The RIAA’s jihad against thousands of not only defenseless, but often completely clueless and at least sometimes innocent individuals in the name of “stamping out illegal downloading” is by now legend. The RIAA (Recording Industry Association of America) has already sued more than 16,000 individuals for, they claim, illegally downloading copyrighted music. A huge number of the lawsuits have settled with the individuals paying the RIAA a few thousand dollars and promising not to do it again, even if they didn’t do it in the first place. Even if they couldn’t have done it in the first place (the RIAA has sued such evil-doers as the 83-year-old and dead grandmother Gertrude Walton, and 12-year-old Brianna LaHara).

Even if each of the suits settles at only $2,000, and even if, say, 10,000 settle with 6,000 not settling, the RIAA will net over 20 million dollars as a result of its legal harassment of John Q. Download.
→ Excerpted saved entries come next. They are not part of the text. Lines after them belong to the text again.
(* For every prime power $q$, all integers $n$, $r\le\lfloor n/2\rfloor$ and $0<\rho<r$, $$K_{\mathrm{C}}(q,n,r,\rho)\le \left\{1 - \log_{{n\brack r}}\left({n\brack r} - V_{\mathrm{C}}(\rho)\right)\right\}^{-1} + 1.$$
   Context: ${m\brack k}=\prod_{i=0}^{k-1}\frac{q^m-q^i}{q^k-q^i}$ is the Gaussian binomial. $N_{\mathrm{C}}(d) = q^{d^2}{r\brack d}{n-r \brack d}$ and $V_{\mathrm{C}}(t)=\sum_{d=0}^t N_{\mathrm{C}}(d)$. $E_r(q,n)$ is the set of $r$-dimensional subspaces of $\mathrm{GF}(q)^n$ with injection distance $d_{\mathrm{I}}(U,V)=\dim(U+V)-\min\{\dim U,\dim V\}$; the covering radius of a nonempty $\mathcal{C}\subseteq E_r(q,n)$ is $\max_U\min_{C\in\mathcal{C}}d_{\mathrm{I}}(U,C)$, and $K_{\mathrm{C}}(q,n,r,\rho)$ is the minimum cardinality of a subset of $E_r(q,n)$ with covering radius at most $\rho$. *)

theory Defs
  imports Complex_Main "HOL-Library.Function_Algebras"
begin

text \<open>Vectors of GF(q)^n are modelled as functions nat => 'a that vanish
outside the index set {0..<n}; 'a is a finite field (so q = CARD('a)).\<close>

definition vscale :: "'a::field \<Rightarrow> (nat \<Rightarrow> 'a) \<Rightarrow> (nat \<Rightarrow> 'a)" where
  "vscale c v = (\<lambda>i. c * v i)"

definition ambient :: "nat \<Rightarrow> (nat \<Rightarrow> 'a::field) set" where
  "ambient n = {v. \<forall>i\<ge>n. v i = 0}"

definition sdim :: "(nat \<Rightarrow> 'a::field) set \<Rightarrow> nat" where
  "sdim U = vector_space.dim vscale U"

definition Er :: "'a::{finite,field} itself \<Rightarrow> nat \<Rightarrow> nat \<Rightarrow> (nat \<Rightarrow> 'a) set set" where
  "Er _ n r = {U. module.subspace vscale U \<and> U \<subseteq> ambient n \<and> sdim U = r}"

definition dI :: "(nat \<Rightarrow> 'a::field) set \<Rightarrow> (nat \<Rightarrow> 'a) set \<Rightarrow> nat" where
  "dI U V = sdim (module.span vscale (U \<union> V)) - min (sdim U) (sdim V)"

definition covering_radius ::
  "'a::{finite,field} itself \<Rightarrow> nat \<Rightarrow> nat \<Rightarrow> (nat \<Rightarrow> 'a) set set \<Rightarrow> nat" where
  "covering_radius T n r C = Max ((\<lambda>U. Min ((\<lambda>D. dI U D) ` C)) ` Er T n r)"

definition KC :: "'a::{finite,field} itself \<Rightarrow> nat \<Rightarrow> nat \<Rightarrow> nat \<Rightarrow> nat" where
  "KC T n r \<rho> = Min {card C | C. C \<subseteq> Er T n r \<and> C \<noteq> {} \<and> covering_radius T n r C \<le> \<rho>}"

definition gauss_binom :: "real \<Rightarrow> nat \<Rightarrow> nat \<Rightarrow> real" where
  "gauss_binom q m k = (\<Prod>i<k. (q ^ m - q ^ i) / (q ^ k - q ^ i))"

definition NC :: "real \<Rightarrow> nat \<Rightarrow> nat \<Rightarrow> nat \<Rightarrow> real" where
  "NC q n r d = q ^ (d^2) * gauss_binom q r d * gauss_binom q (n - r) d"

definition VC :: "real \<Rightarrow> nat \<Rightarrow> nat \<Rightarrow> nat \<Rightarrow> real" where
  "VC q n r t = (\<Sum>d = 0..t. NC q n r d)"

end

theory Submission
  imports Defs
begin

text \<open>
Let \<open>E = E\<^sub>r(q,n)\<close> and \<open>N = |E| = [n, r]\<close>. An injection ball of radius \<open>\<rho>\<close> around \<open>U\<close> contains
at least \<open>V\<^sub>C(\<rho>)\<close> subspaces: for a fixed \<open>W \<subseteq> U\<close> of codimension \<open>d \<le> \<rho>\<close>, the \<open>r\<close>-spaces \<open>Y\<close> with
\<open>Y \<inter> U = W\<close> are obtained by extending \<open>W\<close> by \<open>d\<close> vectors independent over \<open>U\<close>; there are
\<open>q^(d\<^sup>2) [n - r, d]\<close> of them and all lie at distance \<open>d\<close> from \<open>U\<close>. Hence at most \<open>(N - V\<^sub>C(\<rho>))^k\<close>
lists of length \<open>k\<close> in \<open>E\<close> miss the ball of a given \<open>U\<close>, and by the union bound some list meets
every ball once \<open>N (N - V\<^sub>C(\<rho>))^k < N^k\<close>. The least such \<open>k\<close> is at most
\<open>1 / (1 - log\<^sub>N (N - V\<^sub>C(\<rho>))) + 1\<close>.
\<close>

section \<open>Subspaces of a finite vector space\<close>

interpretation V: vector_space "vscale :: 'a::field \<Rightarrow> (nat \<Rightarrow> 'a) \<Rightarrow> _"
  by unfold_locales (simp_all add: vscale_def fun_eq_iff algebra_simps)

declare V.span_eq_iff[simp del]

lemma sdim_eq_dim: "sdim U = V.dim U"
  by (simp add: sdim_def)

lemma two_le_card_field: "2 \<le> card (UNIV :: 'a::{finite,field} set)"
proof -
  have "card {0::'a, 1} \<le> card (UNIV :: 'a set)" by (rule card_mono) auto
  then show ?thesis by simp
qed

lemma card_field_power_inject:
  "card (UNIV::'a::{finite,field} set) ^ a = card (UNIV::'a set) ^ b \<Longrightarrow> a = b"
  using two_le_card_field[where 'a='a] by (simp add: power_inject_exp)

lemma subspace_ambient: "V.subspace (ambient n :: (nat \<Rightarrow> 'a::field) set)"
  by (auto simp: V.subspace_def ambient_def vscale_def)

lemma span_subset_ambient: "A \<subseteq> ambient n \<Longrightarrow> V.span A \<subseteq> ambient n"
  by (rule V.span_minimal[OF _ subspace_ambient])

lemma ambient_eq_image_lists:
  "ambient n = (\<lambda>xs i. if i < n then xs ! i else 0) ` {xs. set xs \<subseteq> UNIV \<and> length xs = n}"
proof (intro set_eqI iffI)
  fix v :: "nat \<Rightarrow> 'a" assume "v \<in> ambient n"
  then have "v = (\<lambda>i. if i < n then map v [0..<n] ! i else 0)"
    by (auto simp: ambient_def fun_eq_iff)
  then show "v \<in> (\<lambda>xs i. if i < n then xs ! i else 0) ` {xs. set xs \<subseteq> UNIV \<and> length xs = n}"
    by (intro image_eqI[of _ _ "map v [0..<n]"]) auto
qed (auto simp: ambient_def)

lemma card_ambient: "card (ambient n :: (nat \<Rightarrow> 'a::{finite,field}) set) = card (UNIV :: 'a set) ^ n"
proof -
  let ?f = "\<lambda>xs i. if i < n then xs ! i else (0::'a)"
  have "inj_on ?f {xs. set xs \<subseteq> UNIV \<and> length xs = n}"
  proof (rule inj_onI)
    fix xs ys assume "xs \<in> {xs. set xs \<subseteq> UNIV \<and> length xs = n}" "ys \<in> {xs. set xs \<subseteq> UNIV \<and> length xs = n}"
      and eq: "?f xs = ?f ys"
    moreover have "xs ! i = ys ! i" if "i < n" for i
      using fun_cong[OF eq, of i] that by simp
    ultimately show "xs = ys" by (simp add: nth_equalityI)
  qed
  then show ?thesis
    unfolding ambient_eq_image_lists using card_lists_length_eq[of "UNIV::'a set" n]
    by (simp add: card_image)
qed

lemma finite_ambient: "finite (ambient n :: (nat \<Rightarrow> 'a::{finite,field}) set)"
  by (rule card_ge_0_finite) (simp add: card_ambient finite_UNIV_card_ge_0)

lemma finite_subset_ambient: "A \<subseteq> ambient n \<Longrightarrow> finite (A :: (nat \<Rightarrow> 'a::{finite,field}) set)"
  using finite_ambient finite_subset by blast

lemma card_span_insert:
  fixes S :: "(nat \<Rightarrow> 'a::{finite,field}) set"
  assumes fin: "finite (V.span S)" and x: "x \<notin> V.span S"
  shows "card (V.span (insert x S)) = card (UNIV :: 'a set) * card (V.span S)"
proof -
  let ?g = "\<lambda>(k::'a, z). vscale k x + z"
  have img: "?g ` (UNIV \<times> V.span S) = V.span (insert x S)"
  proof (intro set_eqI iffI)
    fix y assume "y \<in> ?g ` (UNIV \<times> V.span S)"
    then obtain a b where "y = vscale a x + b" "b \<in> V.span S" by auto
    then show "y \<in> V.span (insert x S)"
      unfolding V.span_insert by (intro CollectI exI[of _ a]) simp
  next
    fix y assume "y \<in> V.span (insert x S)"
    then obtain k where "y - vscale k x \<in> V.span S" by (auto simp: V.span_insert)
    then show "y \<in> ?g ` (UNIV \<times> V.span S)"
      by (intro image_eqI[of _ _ "(k, y - vscale k x)"]) auto
  qed
  have "inj_on ?g (UNIV \<times> V.span S)"
  proof (rule inj_onI, clarify)
    fix k z k' z' assume z: "z \<in> V.span S" "z' \<in> V.span S"
      and eq: "vscale k x + z = vscale k' x + z'"
    show "k = k' \<and> z = z'"
    proof (cases "k = k'")
      case True
      then show ?thesis using eq by simp
    next
      case False
      have "vscale (k - k') x = z' - z"
        using eq by (simp add: vscale_def fun_eq_iff algebra_simps)
      then have "vscale (inverse (k - k')) (vscale (k - k') x) \<in> V.span S"
        using z by (simp add: V.span_diff V.span_scale)
      then have "x \<in> V.span S"
        using False by (simp add: vscale_def mult.assoc[symmetric])
      with x show ?thesis by simp
    qed
  qed
  then show ?thesis using card_image img by (fastforce simp: card_cartesian_product)
qed

lemma card_span_independent:
  fixes B :: "(nat \<Rightarrow> 'a::{finite,field}) set"
  assumes "V.independent B" "B \<subseteq> ambient n"
  shows "card (V.span B) = card (UNIV::'a set) ^ card B"
proof -
  have "finite B" using assms(2) by (rule finite_subset_ambient)
  then show ?thesis using assms
  proof (induction B rule: finite_induct)
    case empty
    then show ?case by simp
  next
    case (insert b F)
    have "V.independent F" "b \<notin> V.span F"
      using insert.prems(1) insert.hyps(2) by (simp_all add: V.independent_insert)
    moreover have "finite (V.span F)"
      using insert.prems(2) by (intro finite_subset_ambient span_subset_ambient) auto
    ultimately show ?case using insert card_span_insert[of F b] by simp
  qed
qed

lemma card_span:
  fixes X :: "(nat \<Rightarrow> 'a::{finite,field}) set"
  assumes "X \<subseteq> ambient n"
  shows "card (V.span X) = card (UNIV::'a set) ^ V.dim X"
proof -
  obtain B where B: "B \<subseteq> X" "V.independent B" "X \<subseteq> V.span B" "card B = V.dim X"
    using V.basis_exists by blast
  have "V.span B = V.span X"
    using B(1,3) V.span_mono V.span_minimal[OF _ V.subspace_span] by (metis subset_antisym)
  then show ?thesis using card_span_independent[OF B(2)] B assms by force
qed

lemma card_subspace:
  fixes X :: "(nat \<Rightarrow> 'a::{finite,field}) set"
  assumes "X \<subseteq> ambient n" "V.subspace X"
  shows "card X = card (UNIV::'a set) ^ V.dim X"
proof -
  have "V.span X = X" using assms(2) by (simp add: V.span_eq_iff)
  then show ?thesis using card_span[OF assms(1)] by simp
qed

lemma dim_mono_subspace:
  fixes W U :: "(nat \<Rightarrow> 'a::{finite,field}) set"
  assumes "W \<subseteq> U" "V.subspace W" "V.subspace U" "U \<subseteq> ambient n"
  shows "V.dim W \<le> V.dim U"
proof -
  have "card W \<le> card U" using assms by (metis card_mono finite_subset_ambient)
  then have "card (UNIV::'a set) ^ V.dim W \<le> card (UNIV::'a set) ^ V.dim U"
    using card_subspace[of W n] card_subspace[of U n] assms by auto
  then show ?thesis using two_le_card_field[where 'a='a] by (simp add: power_increasing_iff)
qed

section \<open>Counting subspaces\<close>

fun indep_over :: "(nat \<Rightarrow> 'a::field) set \<Rightarrow> (nat \<Rightarrow> 'a) list \<Rightarrow> bool" where
  "indep_over X [] = True"
| "indep_over X (v # vs) = (v \<notin> V.span (X \<union> set vs) \<and> indep_over X vs)"

lemma indep_over_antimono: "X \<subseteq> X' \<Longrightarrow> indep_over X' vs \<Longrightarrow> indep_over X vs"
proof (induction vs)
  case Nil
  then show ?case by simp
next
  case (Cons v vs)
  have "V.span (X \<union> set vs) \<subseteq> V.span (X' \<union> set vs)"
    using Cons.prems(1) by (intro V.span_mono) auto
  then show ?case using Cons by auto
qed

lemma card_span_Un_indep_over:
  fixes X :: "(nat \<Rightarrow> 'a::{finite,field}) set"
  assumes "X \<subseteq> ambient n" "set vs \<subseteq> ambient n" "indep_over X vs"
  shows "card (V.span (X \<union> set vs)) = card (V.span X) * card (UNIV::'a set) ^ length vs"
  using assms
proof (induction vs)
  case Nil
  then show ?case by simp
next
  case (Cons v vs)
  have "finite (V.span (X \<union> set vs))"
    using Cons.prems by (intro finite_subset_ambient span_subset_ambient) auto
  moreover have "X \<union> set (v # vs) = insert v (X \<union> set vs)" by auto
  ultimately show ?case using card_span_insert[of "X \<union> set vs" v] Cons by simp
qed

lemma dim_Un_indep_over:
  fixes X :: "(nat \<Rightarrow> 'a::{finite,field}) set"
  assumes "X \<subseteq> ambient n" "set vs \<subseteq> ambient n" "indep_over X vs"
  shows "V.dim (X \<union> set vs) = V.dim X + length vs"
proof -
  have "card (UNIV::'a set) ^ V.dim (X \<union> set vs) = card (UNIV::'a set) ^ (V.dim X + length vs)"
    using card_span_Un_indep_over[OF assms] card_span[OF assms(1)] card_span[of "X \<union> set vs" n] assms
    by (simp add: power_add)
  then show ?thesis by (rule card_field_power_inject)
qed

lemma dim_empty: "V.dim ({} :: (nat \<Rightarrow> 'a::{finite,field}) set) = 0"
proof -
  have "card (V.span ({} :: (nat \<Rightarrow> 'a) set)) = 1" by (simp add: V.span_empty)
  then have "card (UNIV::'a set) ^ V.dim ({} :: (nat \<Rightarrow> 'a) set) = card (UNIV::'a set) ^ 0"
    using card_span[of "{}" 0] by (metis empty_subsetI power_0)
  then show ?thesis by (rule card_field_power_inject)
qed
lemma theta_prod_minus:
  assumes "n > 0"
  shows "theta_prod n \<eta> (- x) = - ee (- (of_nat n * x)) * theta_prod n \<eta> x"
proof -
  have "theta_prod n \<eta> (- x)
      = (\<Prod>m<n. - ee (- (x + of_nat m / of_nat n)) * theta \<eta> (x + of_nat m / of_nat n))"
    unfolding theta_prod_reflect[OF assms] theta_minus[symmetric] by (simp add: algebra_simps)
  then show ?thesis
    by (simp only: prod.distrib prod_minus_ee_minus_frac[OF assms] theta_prod_def)
qed

definition theta_raw_phase :: "nat \<Rightarrow> complex \<Rightarrow> int \<Rightarrow> complex \<Rightarrow> complex" where
  "theta_raw_phase n \<eta> \<alpha> z =
     of_int \<alpha> * z + of_int \<alpha> / (2 * of_nat n) + of_int (\<alpha> * (\<alpha> - int n)) / (2 * of_nat n) * \<eta>"

lemma theta_raw_eq:
  "theta_raw n \<eta> \<alpha> z
     = ee (theta_raw_phase n \<eta> \<alpha> z) * theta_prod n \<eta> (z + of_int \<alpha> / of_nat n * \<eta>)"
  unfolding theta_raw_def theta_prod_def theta_raw_phase_def by (simp add: add_ac)

lemma theta_raw_add_n:
  assumes "n > 0"
  shows "theta_raw n \<eta> (\<alpha> + int n) w = theta_raw n \<eta> \<alpha> w"
proof -
  let ?x = "w + of_int \<alpha> / of_nat n * \<eta>"
  have shift: "w + of_int (\<alpha> + int n) / of_nat n * \<eta> = ?x + \<eta>"
    using assms by (simp add: field_simps)
  have "ee (theta_raw_phase n \<eta> (\<alpha> + int n) w) * ee (- (of_nat n * ?x))
      = ee (theta_raw_phase n \<eta> (\<alpha> + int n) w + - (of_nat n * ?x))"
    by (rule ee_add[symmetric])
  also have "\<dots> = ee (theta_raw_phase n \<eta> \<alpha> w + 1 / 2)"
    using assms by (auto intro!: arg_cong[where f = ee] simp: theta_raw_phase_def field_simps)
  also have "\<dots> = - ee (theta_raw_phase n \<eta> \<alpha> w)"
    by (simp add: ee_add ee_half)
  finally have phase: "ee (theta_raw_phase n \<eta> (\<alpha> + int n) w) * - ee (- (of_nat n * ?x))
      = ee (theta_raw_phase n \<eta> \<alpha> w)"
    by simp
  show ?thesis
    unfolding theta_raw_eq shift theta_prod_plus_eta[OF assms] by (simp only: mult.assoc[symmetric] phase)
qed

lemma theta_raw_minus:
  assumes "n > 0"
  shows "theta_raw n \<eta> \<alpha> w = - ee (of_int \<alpha> / of_nat n + of_nat n * w) * theta_raw n \<eta> (- \<alpha>) (- w)"
proof -
  let ?x = "w + of_int \<alpha> / of_nat n * \<eta>"
  have reflect: "- w + of_int (- \<alpha>) / of_nat n * \<eta> = - ?x"
    by (simp add: field_simps)
  have "of_int \<alpha> / of_nat n + of_nat n * w + theta_raw_phase n \<eta> (- \<alpha>) (- w) + - (of_nat n * ?x)
      = theta_raw_phase n \<eta> \<alpha> w"
    using assms unfolding theta_raw_phase_def by (simp add: field_simps)
  then have phase: "ee (of_int \<alpha> / of_nat n + of_nat n * w) * ee (theta_raw_phase n \<eta> (- \<alpha>) (- w))
      * ee (- (of_nat n * ?x)) = ee (theta_raw_phase n \<eta> \<alpha> w)"
    by (simp only: ee_add[symmetric])
  have "- ee (of_int \<alpha> / of_nat n + of_nat n * w) * theta_raw n \<eta> (- \<alpha>) (- w)
      = ee (of_int \<alpha> / of_nat n + of_nat n * w) * ee (theta_raw_phase n \<eta> (- \<alpha>) (- w))
        * ee (- (of_nat n * ?x)) * theta_prod n \<eta> ?x"
    unfolding theta_raw_eq[of n \<eta> "- \<alpha>"] reflect theta_prod_minus[OF assms] by (simp add: mult_ac)
  then show ?thesis
    unfolding phase by (simp add: theta_raw_eq)
qed

lemma theta_raw_add_mult_n:
  assumes "n > 0"
  shows "theta_raw n \<eta> (\<alpha> + int n * q) w = theta_raw n \<eta> \<alpha> w"
proof (induction q rule: int_induct[where k = 0])
  case (step1 q)
  then show ?case
    using theta_raw_add_n[OF assms, of \<eta> "\<alpha> + int n * q" w] by (simp add: algebra_simps)
next
  case (step2 q)
  then show ?case
    using theta_raw_add_n[OF assms, of \<eta> "\<alpha> + int n * (q - 1)" w] by (simp add: algebra_simps)
qed simp

lemma theta_idx_eq_theta_raw:
  assumes "n > 0"
  shows "theta_idx n \<eta> \<alpha> w = theta_raw n \<eta> \<alpha> w"
  using theta_raw_add_mult_n[OF assms, of \<eta> "\<alpha> mod int n" "\<alpha> div int n" w]
  by (simp add: theta_idx_def)

lemma theta_idx_minus:
  assumes "n > 0"
  shows "theta_idx n \<eta> \<alpha> w = - ee (of_int \<alpha> / of_nat n + of_nat n * w) * theta_idx n \<eta> (- \<alpha>) (- w)"
  unfolding theta_idx_eq_theta_raw[OF assms] by (rule theta_raw_minus[OF assms])

lemma theta_idx_cong:
  "\<alpha> mod int n = \<beta> mod int n \<Longrightarrow> theta_idx n \<eta> \<alpha> w = theta_idx n \<eta> \<beta> w"
  unfolding theta_idx_def by simp

lemma minus_mod_minus_mod:
  "0 \<le> m \<Longrightarrow> m < int n \<Longrightarrow> (- ((- m) mod int n)) mod int n = m"
  by (metis minus_minus mod_minus_eq mod_pos_pos_trivial)

lemma minus_mod_eq_mod_iff:
  assumes "0 \<le> m" and "m < int n"
  shows "(- m) mod int n = \<beta> mod int n \<longleftrightarrow> m = (- \<beta>) mod int n"
proof
  assume "(- m) mod int n = \<beta> mod int n"
  then have "(- ((- m) mod int n)) mod int n = (- (\<beta> mod int n)) mod int n"
    by (rule arg_cong)
  then show "m = (- \<beta>) mod int n"
    by (simp only: mod_minus_eq minus_minus mod_pos_pos_trivial[OF assms])
next
  assume "m = (- \<beta>) mod int n"
  then show "(- m) mod int n = \<beta> mod int n"
    by (simp only: mod_minus_eq minus_minus)
qed

lemma prod_theta_idx_uminus_index:
  assumes "n > 0"
  shows "(\<Prod>m\<in>{0..<int n} - {\<beta> mod int n}. theta_idx n \<eta> (- m) w)
       = (\<Prod>m\<in>{0..<int n} - {(- \<beta>) mod int n}. theta_idx n \<eta> m w)"
proof (rule prod.reindex_bij_witness[where i = "\<lambda>m. (- m) mod int n" and j = "\<lambda>m. (- m) mod int n"])
  fix m assume "m \<in> {0..<int n} - {(- \<beta>) mod int n}"
  then show "(- ((- m) mod int n)) mod int n = m" and "(- m) mod int n \<in> {0..<int n} - {\<beta> mod int n}"
    using assms by (auto simp: minus_mod_minus_mod minus_mod_eq_mod_iff)
next
  fix m assume "m \<in> {0..<int n} - {\<beta> mod int n}"
  then show "(- ((- m) mod int n)) mod int n = m" and "(- m) mod int n \<in> {0..<int n} - {(- \<beta>) mod int n}"
    using assms by (auto simp: minus_mod_minus_mod minus_mod_eq_mod_iff)
  show "theta_idx n \<eta> ((- m) mod int n) w = theta_idx n \<eta> (- m) w"
    by (rule theta_idx_cong) simp
qed

lemma prod_minus_ee_remove:
  assumes "n > 0"
  shows "(\<Prod>m\<in>{0..<int n} - {\<beta> mod int n}. - ee (of_int m / of_nat n + of_nat n * (- w)))
       = ee (- (of_nat n ^ 2 * w) + of_nat n * w - of_int \<beta> / of_nat n)"
proof -
  define g where "g m = - ee (of_int m / of_nat n + of_nat n * (- w))" for m :: int
  have "(\<Prod>m\<in>{0..<int n}. g m) = (\<Prod>m\<in>int ` {..<n}. g m)"
    by (simp add: lessThan_atLeast0 image_int_atLeastLessThan)
  also have "\<dots> = (\<Prod>m<n. - ee (of_nat n * (- w) + of_nat m / of_nat n))"
    unfolding g_def by (simp add: prod.reindex add.commute)
  also have "\<dots> = - ee (- (of_nat n ^ 2 * w))"
    unfolding prod_minus_ee_frac[OF assms] by (simp add: power2_eq_square mult.assoc)
  finally have "g (\<beta> mod int n) * (\<Prod>m\<in>{0..<int n} - {\<beta> mod int n}. g m) = - ee (- (of_nat n ^ 2 * w))"
    using assms by (subst (asm) prod.remove[of _ "\<beta> mod int n"]) auto
  moreover have "g (\<beta> mod int n) = - ee (of_int \<beta> / of_nat n + of_nat n * (- w))"
    unfolding g_def ee_add ee_mod_frac[OF assms] ..
  ultimately have "(\<Prod>m\<in>{0..<int n} - {\<beta> mod int n}. g m)
      = ee (- (of_nat n ^ 2 * w)) * inverse (ee (of_int \<beta> / of_nat n + of_nat n * (- w)))"
    by (simp add: field_simps)
  also have "\<dots> = ee (- (of_nat n ^ 2 * w) + of_nat n * w - of_int \<beta> / of_nat n)"
    unfolding ee_minus[symmetric] ee_add[symmetric] by (simp add: algebra_simps)
  finally show ?thesis
    unfolding g_def .
qed

lemma prod_theta_idx_uminus_remove:
  assumes "n > 0"
  shows "(\<Prod>m\<in>{0..<int n} - {\<beta> mod int n}. theta_idx n \<eta> m (- w))
       = ee (- (of_nat n ^ 2 * w) + of_nat n * w - of_int \<beta> / of_nat n)
         * (\<Prod>m\<in>{0..<int n} - {(- \<beta>) mod int n}. theta_idx n \<eta> m w)"
proof -
  have factor: "theta_idx n \<eta> m (- w)
      = - ee (of_int m / of_nat n + of_nat n * (- w)) * theta_idx n \<eta> (- m) w" for m
    using theta_idx_minus[OF assms, of \<eta> m "- w"] by simp
  show ?thesis
    unfolding factor prod.distrib prod_minus_ee_remove[OF assms] prod_theta_idx_uminus_index[OF assms] ..
qed

definition R_coeff :: "nat \<Rightarrow> complex \<Rightarrow> nat \<Rightarrow> complex \<Rightarrow> complex \<Rightarrow> int \<Rightarrow> int \<Rightarrow> int \<Rightarrow> complex" where
  "R_coeff n \<eta> k' \<tau> z i j r =
     (\<Prod>m\<in>{0..<int n} - {(j - i - r) mod int n}. theta_idx n \<eta> m (- z))
       / (\<Prod>m\<in>{1..<int n}. theta_idx n \<eta> m 0)
       * theta_idx n \<eta> (j - i + r * (int k' - 1)) (- z + \<tau>)
       / theta_idx n \<eta> (int k' * r) \<tau>"

lemma R_basis_eq:
  "R_basis n \<eta> k' \<tau> z i j q
     = (\<Sum>r\<in>{0..<int n}. R_coeff n \<eta> k' \<tau> z i j r * basis2 n (j - r) (i + r) q)"
  unfolding R_basis_def R_coeff_def ..

lemma R_coeff_reflect:
  assumes "n > 0"
  shows "R_coeff n \<eta> k' \<tau> z i j r = ee (- (of_nat n ^ 2) * z) *
     ((\<Prod>m\<in>{0..<int n} - {(i - j + r) mod int n}. theta_idx n \<eta> m z)
        / (\<Prod>m\<in>{1..<int n}. theta_idx n \<eta> m 0)
        * theta_idx n \<eta> (i - j + r - int k' * r) (z - \<tau>)
        / theta_idx n \<eta> (- (int k' * r)) (- \<tau>))"
proof -
  define \<beta> where "\<beta> = j - i - r"
  define s where "s = j - i + r * (int k' - 1)"
  have "- \<beta> = i - j + r" and "- s = i - j + r - int k' * r"
    by (simp_all add: \<beta>_def s_def algebra_simps)
  moreover have "ee (- (of_nat n ^ 2 * z) + of_nat n * z - of_int \<beta> / of_nat n)
      * ee (of_int s / of_nat n + of_nat n * (- z + \<tau>))
      * inverse (ee (of_int (int k' * r) / of_nat n + of_nat n * \<tau>)) = ee (- (of_nat n ^ 2) * z)"
    unfolding ee_minus[symmetric] ee_add[symmetric] using assms
    by (intro arg_cong[where f = ee]) (simp add: \<beta>_def s_def field_simps)
  ultimately show ?thesis
    unfolding R_coeff_def \<beta>_def[symmetric] s_def[symmetric] prod_theta_idx_uminus_remove[OF assms]
      theta_idx_minus[OF assms, of \<eta> s] theta_idx_minus[OF assms, of \<eta> "int k' * r"]
    by (simp add: divide_inverse mult_ac)
qed

lemma R_coeff_transpose:
  assumes "n > 0" and "k < n"
    and "a mod int n = (j - r) mod int n" and "b mod int n = (i + r) mod int n"
  shows "ee (- (of_nat n ^ 2) * z) * R_coeff n \<eta> (n - k) (- \<tau>) (- z) a b r = R_coeff n \<eta> k \<tau> z i j r"
proof -
  obtain p q where a: "a = j - r + int n * p" and b: "b = i + r + int n * q"
    using assms(3,4) unfolding mod_eq_dvd_iff by (metis dvdE diff_add_cancel add.commute)
  have "(b - a - r) mod int n = (i - j + r) mod int n"
    unfolding mod_eq_dvd_iff by (rule dvdI[of _ _ "q - p"]) (simp add: a b algebra_simps)
  moreover have "theta_idx n \<eta> (b - a + r * (int (n - k) - 1)) w = theta_idx n \<eta> (i - j + r - int k * r) w" for w
  proof (rule theta_idx_cong)
    show "(b - a + r * (int (n - k) - 1)) mod int n = (i - j + r - int k * r) mod int n"
      unfolding mod_eq_dvd_iff using assms(2) by (intro dvdI[of _ _ "q - p + r"]) (simp add: a b algebra_simps)
  qed
  moreover have "theta_idx n \<eta> (int (n - k) * r) w = theta_idx n \<eta> (- (int k * r)) w" for w
  proof (rule theta_idx_cong)
    show "(int (n - k) * r) mod int n = (- (int k * r)) mod int n"
      unfolding mod_eq_dvd_iff using assms(2) by (intro dvdI[of _ _ r]) (simp add: algebra_simps)
  qed
  ultimately show ?thesis
    unfolding R_coeff_reflect[OF assms(1), of \<eta> k \<tau> z i j r] by (simp add: R_coeff_def)
qed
And this helps the artists whom they claim to be protecting exactly how?

Not that I am saying that illegal music downloading isn’t wrong. On the contrary, it’s very wrong, and in fact we published what may be one of the only articles which clearly explains exactly why downloading illegal mp3s takes money out of the artist’s pocket.

But that’s not the point. The point is the RIAA’s ridiculous witch hunt, which as done nothing to dent illegal music downloads, while doing everything to strongarm and cow individuals who have no idea what the RIAA is accusing them of, let alone how to do it.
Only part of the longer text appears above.